The Open Data Manifesto
Based on the experiences documented in this case study, we propose principles for the continued development of open soccer data:
-
Breadth over depth: Broad coverage of diverse competitions (including women's leagues, lower divisions, and non-European football) is more valuable than deep coverage of a few elite leagues.
-
Documentation as a first-class concern: Open data without clear documentation is of limited value. Every dataset should include comprehensive data dictionaries, known limitations, and example code.
-
Versioning and stability: Datasets should use semantic versioning, with clear changelogs and backward compatibility guarantees where possible.
-
Ethical collection: Open data should be collected with appropriate consent and in compliance with relevant regulations. The fact that data is free does not exempt it from ethical standards.
-
Community stewardship: The long-term maintenance of open datasets should be a shared community responsibility, not dependent on a single organization.
-
Attribution and citation: Users of open data should consistently credit the providers, creating a positive feedback loop that incentivizes further data release.
The Road Ahead
The democratization of soccer analytics through open data is an ongoing process.
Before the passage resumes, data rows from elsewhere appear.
theorem lemma6:
  fixes A :: "('q, 'g) wps"
  assumes "wf_wps A"
  shows "(\<exists>c e. is_path A c e \<and> LimInfAvg A e \<ge> 0) \<longleftrightarrow>
         (\<forall>\<epsilon>::real. \<epsilon> > 0 \<longrightarrow> (\<exists>c e. is_path A c e \<and> LimInfAvg A e > ereal (- \<epsilon>)))"
proof
  assume "\<exists>c e. is_path A c e \<and> LimInfAvg A e \<ge> 0"
  then obtain c e where "is_path A c e" "0 \<le> LimInfAvg A e" by blast
  moreover have "ereal (- \<epsilon>) < 0" if "\<epsilon> > 0" for \<epsilon> using that by simp
  ultimately show "\<forall>\<epsilon>::real. \<epsilon> > 0 \<longrightarrow> (\<exists>c e. is_path A c e \<and> LimInfAvg A e > ereal (- \<epsilon>))"
    using order_less_le_trans by blast
next
  assume H: "\<forall>\<epsilon>::real. \<epsilon> > 0 \<longrightarrow> (\<exists>c e. is_path A c e \<and> LimInfAvg A e > ereal (- \<epsilon>))"
  have "\<forall>n. \<exists>c e. is_path A c e \<and> LimInfAvg A e > ereal (- (1 / real (Suc n)))"
    using H by simp
  then obtain c e where ce: "\<And>n. is_path A (c n) (e n)"
    "\<And>n. ereal (- (1 / real (Suc n))) < LimInfAvg A (e n)" by (auto dest!: choice)
  have "\<forall>n. \<exists>T. T \<in> fst ` edges A \<and> infinite {a. stable (c n) a \<and> fst (e n a) = T}"
    using recurrent_stable_source[OF assms ce(1)] by blast
  from choice[OF this] obtain T where
    T: "\<And>n. T n \<in> fst ` edges A" "\<And>n. infinite {a. stable (c n) a \<and> fst (e n a) = T n}"
    by blast
  obtain T0 g where g: "\<And>k. k \<le> g k" "\<And>k. T (g k) = T0"
    using pigeonhole_subsequence[OF finite_edge_sources[OF assms], of T] T(1) by blast
  have "ereal (- (1 / real (Suc k))) \<le> ereal (- (1 / real (Suc (g k))))" for k
    using g(1)[of k] by (simp add: frac_le)
  then have "ereal (- (1 / real (Suc k))) < LimInfAvg A (e (g k))" for k
    using ce(2)[of "g k"] by (rule order.strict_trans1)
  then show "\<exists>c e. is_path A c e \<and> 0 \<le> LimInfAvg A e"
    using glue_recurrent_paths[OF assms, of "\<lambda>k. c (g k)" "\<lambda>k. e (g k)" T0] ce(1) T(2) g(2)
    by metis
qed

end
Key developments to watch:
- Open tracking data: The release of larger tracking data samples (beyond Metrica's two-match set) would dramatically accelerate research in spatial analysis and off-ball movement.
- Standardization efforts: Projects like
kloppyare working to create standard data formats that bridge different providers, making it easier to combine data sources. - Federated learning: Techniques that allow models to be trained across multiple clubs' private data without sharing the raw data could combine the benefits of open science with the privacy requirements of professional football.
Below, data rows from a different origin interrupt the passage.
lemma product_ensemble_limit:
  fixes p :: "nat \<Rightarrow> nat \<Rightarrow> real" and A B :: "nat \<Rightarrow> nat \<Rightarrow> complex mat"
  assumes ens: "\<And>N. product_ensemble m n K (p N) (A N) (B N)"
    and carr: "\<And>k. A' k \<in> carrier_mat m m" "\<And>k. B' k \<in> carrier_mat n n"
    and lim_p: "\<And>k. k < K \<Longrightarrow> (\<lambda>N. p N k) \<longlonglongrightarrow> q k"
    and lim_A: "\<And>k i j. k < K \<Longrightarrow> i < m \<Longrightarrow> j < m \<Longrightarrow> (\<lambda>N. A N k $$ (i, j)) \<longlonglongrightarrow> A' k $$ (i, j)"
    and lim_B: "\<And>k i j. k < K \<Longrightarrow> i < n \<Longrightarrow> j < n \<Longrightarrow> (\<lambda>N. B N k $$ (i, j)) \<longlonglongrightarrow> B' k $$ (i, j)"
  shows "product_ensemble m n K q A' B'"
    and "\<And>i j. i < m * n \<Longrightarrow> j < m * n \<Longrightarrow>
      (\<lambda>N. product_mixture m n K (p N) (A N) (B N) $$ (i, j)) \<longlonglongrightarrow> product_mixture m n K q A' B' $$ (i, j)"
proof -
  show ens': "product_ensemble m n K q A' B'"
    unfolding product_ensemble_def
  proof (intro conjI allI impI)
    fix k assume k: "k < K"
    show "0 \<le> q k"
      using ens k by (intro LIMSEQ_le_const[OF lim_p[OF k]]) (auto simp: product_ensemble_def)
    have "is_state m (A N k)" "is_state n (B N k)" for N
      using ens k unfolding product_ensemble_def by blast+
    then show "is_state m (A' k)" "is_state n (B' k)"
      using is_state_limit[of m "\<lambda>N. A N k" "A' k"] is_state_limit[of n "\<lambda>N. B N k" "B' k"]
        carr lim_A[OF k] lim_B[OF k] by simp_all
  next
    have "(\<lambda>N. \<Sum>k<K. p N k) \<longlonglongrightarrow> (\<Sum>k<K. q k)" by (intro tendsto_sum lim_p) auto
    moreover have "(\<Sum>k<K. p N k) = 1" for N using ens unfolding product_ensemble_def by blast
    ultimately have "(\<lambda>N. 1) \<longlonglongrightarrow> (\<Sum>k<K. q k)" by simp
    then show "(\<Sum>k<K. q k) = 1" by (simp only: LIMSEQ_const_iff)
  qed
  fix i j assume ij: "i < m * n" "j < m * n"
  then have "0 < n" by (cases n) auto
  with ij have "i div n < m" "j div n < m" "i mod n < n" "j mod n < n"
    by (auto simp: less_mult_imp_div_less)
  then have "(\<lambda>N. \<Sum>k<K. complex_of_real (p N k) *
        (A N k $$ (i div n, j div n) * B N k $$ (i mod n, j mod n)))
      \<longlonglongrightarrow> (\<Sum>k<K. complex_of_real (q k) * (A' k $$ (i div n, j div n) * B' k $$ (i mod n, j mod n)))"
    by (intro tendsto_intros lim_p lim_A lim_B) auto
  then show "(\<lambda>N. product_mixture m n K (p N) (A N) (B N) $$ (i, j)) \<longlonglongrightarrow> product_mixture m n K q A' B' $$ (i, j)"
    using index_product_mixture[OF ens ij] index_product_mixture[OF ens' ij] by simp
qed

lemma product_ensemble_convergent_subseq:
  fixes p :: "nat \<Rightarrow> nat \<Rightarrow> real" and A B :: "nat \<Rightarrow> nat \<Rightarrow> complex mat"
  assumes ens: "\<And>N. product_ensemble m n K (p N) (A N) (B N)"
  obtains r q A' B' where "strict_mono r" "product_ensemble m n K q A' B'"
    "\<And>i j. i < m * n \<Longrightarrow> j < m * n \<Longrightarrow>
       (\<lambda>N. product_mixture m n K (p (r N)) (A (r N)) (B (r N)) $$ (i, j))
         \<longlonglongrightarrow> product_mixture m n K q A' B' $$ (i, j)"
proof -
  define J :: "(nat \<times> nat \<times> nat \<times> nat) set" where
    "J = {0} \<times> {..<K} \<times> {0} \<times> {0} \<union> {1} \<times> {..<K} \<times> {..<m} \<times> {..<m} \<union>
      {2} \<times> {..<K} \<times> {..<n} \<times> {..<n}"
  define X where "X N = (\<lambda>(t :: nat, k, i, j).
      if t = 0 then complex_of_real (p N k) else if t = 1 then A N k $$ (i, j) else B N k $$ (i, j))"
    for N
  have "finite J" by (simp add: J_def)
  have bound: "cmod (X N c) \<le> 2" if cJ: "c \<in> J" for c N
  proof -
    obtain t k i j where c: "c = (t, k, i, j)" by (cases c)
    have k: "k < K" using cJ c by (auto simp: J_def)
    then have states: "is_state m (A N k)" "is_state n (B N k)" and "0 \<le> p N k" "p N k \<le> 1"
      using ens[of N] product_ensemble_weight_le_1[OF ens[of N]] unfolding product_ensemble_def by auto
    consider "t = 0" | "t = 1" "i < m" "j < m" | "t = 2" "i < n" "j < n"
      using cJ c by (auto simp: J_def)
    then show ?thesis
    proof cases
      case 1
      with \<open>0 \<le> p N k\<close> \<open>p N k \<le> 1\<close> show ?thesis by (simp add: X_def c)
    next
      case 2
      with is_state_entry_bound[OF states(1)] show ?thesis by (simp add: X_def c)
    next
      case 3
      with is_state_entry_bound[OF states(2)] show ?thesis by (simp add: X_def c)
    qed
  qed
  obtain r L where r: "strict_mono r" and lim: "\<And>c. c \<in> J \<Longrightarrow> (\<lambda>N. X (r N) c) \<longlonglongrightarrow> L c"
    using bounded_complex_family_convergent_subseq[of J X 2, OF \<open>finite J\<close> bound] by blast
  define q where "q k = Re (L (0, k, 0, 0))" for k
  define A' where "A' k = mat m m (\<lambda>(i, j). L (1, k, i, j))" for k
  define B' where "B' k = mat n n (\<lambda>(i, j). L (2, k, i, j))" for k
  have lim_p: "(\<lambda>N. p (r N) k) \<longlonglongrightarrow> q k" if "k < K" for k
    using tendsto_Re[OF lim[of "(0, k, 0, 0)"]] that by (simp add: X_def q_def J_def)
  have lim_A: "(\<lambda>N. A (r N) k $$ (i, j)) \<longlonglongrightarrow> A' k $$ (i, j)" if "k < K" "i < m" "j < m" for k i j
    using lim[of "(1, k, i, j)"] that by (simp add: X_def A'_def J_def)
  have lim_B: "(\<lambda>N. B (r N) k $$ (i, j)) \<longlonglongrightarrow> B' k $$ (i, j)" if "k < K" "i < n" "j < n" for k i j
    using lim[of "(2, k, i, j)"] that by (simp add: X_def B'_def J_def)
  have "A' k \<in> carrier_mat m m" "B' k \<in> carrier_mat n n" for k by (simp_all add: A'_def B'_def)
  note limit = product_ensemble_limit[of m n K "\<lambda>N. p (r N)" "\<lambda>N. A (r N)" "\<lambda>N. B (r N)",
      OF ens this lim_p lim_A lim_B]
  from r limit show ?thesis by (rule that)
qed

subsection \<open>The nearest separable state\<close>

definition frob_inner :: "nat \<Rightarrow> complex mat \<Rightarrow> complex mat \<Rightarrow> real" where
  "frob_inner d A B = (\<Sum>i<d. \<Sum>j<d. Re (cnj (A $$ (i, j)) * B $$ (i, j)))"

lemma Re_cnj_mult_self: "Re (cnj z * z) = (cmod z)\<^sup>2"
  by (simp only: cmod_power2) (simp add: power2_eq_square)

lemma frob_inner_self: "frob_inner d A A = (\<Sum>i<d. \<Sum>j<d. (cmod (A $$ (i, j)))\<^sup>2)"
  unfolding frob_inner_def Re_cnj_mult_self ..

lemma frob_inner_self_nonneg: "0 \<le> frob_inner d A A"
  unfolding frob_inner_self by (intro sum_nonneg) simp

lemma frob_inner_self_eq_0_imp_zero:
  assumes "A \<in> carrier_mat d d" "frob_inner d A A = 0" shows "A = 0\<^sub>m d d"
proof (intro eq_matI)
  fix i j assume "i < dim_row (0\<^sub>m d d :: complex mat)" "j < dim_col (0\<^sub>m d d :: complex mat)"
  then have ij: "i \<in> {..<d}" "j \<in> {..<d}" by simp_all
  have "\<forall>i\<in>{..<d}. (\<Sum>j<d. (cmod (A $$ (i, j)))\<^sup>2) = 0"
    using assms(2) unfolding frob_inner_self
    by (subst sum_nonneg_eq_0_iff[symmetric]) (auto intro: sum_nonneg)
  with ij have "(cmod (A $$ (i, j)))\<^sup>2 = 0"
    using sum_nonneg_eq_0_iff[of "{..<d}" "\<lambda>j. (cmod (A $$ (i, j)))\<^sup>2"] by auto
  with ij show "A $$ (i, j) = 0\<^sub>m d d $$ (i, j)" by simp
qed (use assms in auto)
- Institutional support: FIFA, UEFA, and other governing bodies could play a role in mandating minimum data sharing standards, particularly for research and development purposes.
Discussion Questions
-
StatsBomb's open data release was a business decision as much as an altruistic one --- it generated goodwill, brand awareness, and a pool of trained analysts familiar with their data format. Is this alignment of commercial and community interests sustainable, or does it create risks?
-
The "misuse and misinterpretation" challenge is inherent to any democratization effort. How should the community balance lowering barriers to entry with maintaining analytical quality standards?
-
The tracking data gap remains the most significant barrier. What mechanisms (commercial, regulatory, or community-driven) might lead to greater access to tracking data?
-
Maria's story is inspiring, but it is also a survivorship bias example --- we do not hear about the many aspiring analysts who used open data and did not find a career path. How should we honestly represent career prospects in soccer analytics?
-
Open data has primarily benefited the analytical community in English-speaking countries and Western Europe. What specific initiatives could extend these benefits to the global soccer community?
Connection to Chapter Themes
This case study connects to multiple Chapter 30 themes:
- Democratization (Section 30.3): Open data is the single most important enabler of democratization in soccer analytics.
- Ethics (Section 30.2): Open data raises its own ethical questions about player consent and data governance.
- Career guidance (Section 30.6): Open data has fundamentally changed how aspiring analysts build portfolios and demonstrate competence.
- The human element (Section 30.4): The community that formed around open data --- sharing code, providing feedback, mentoring newcomers --- demonstrates that technology adoption is ultimately a social phenomenon.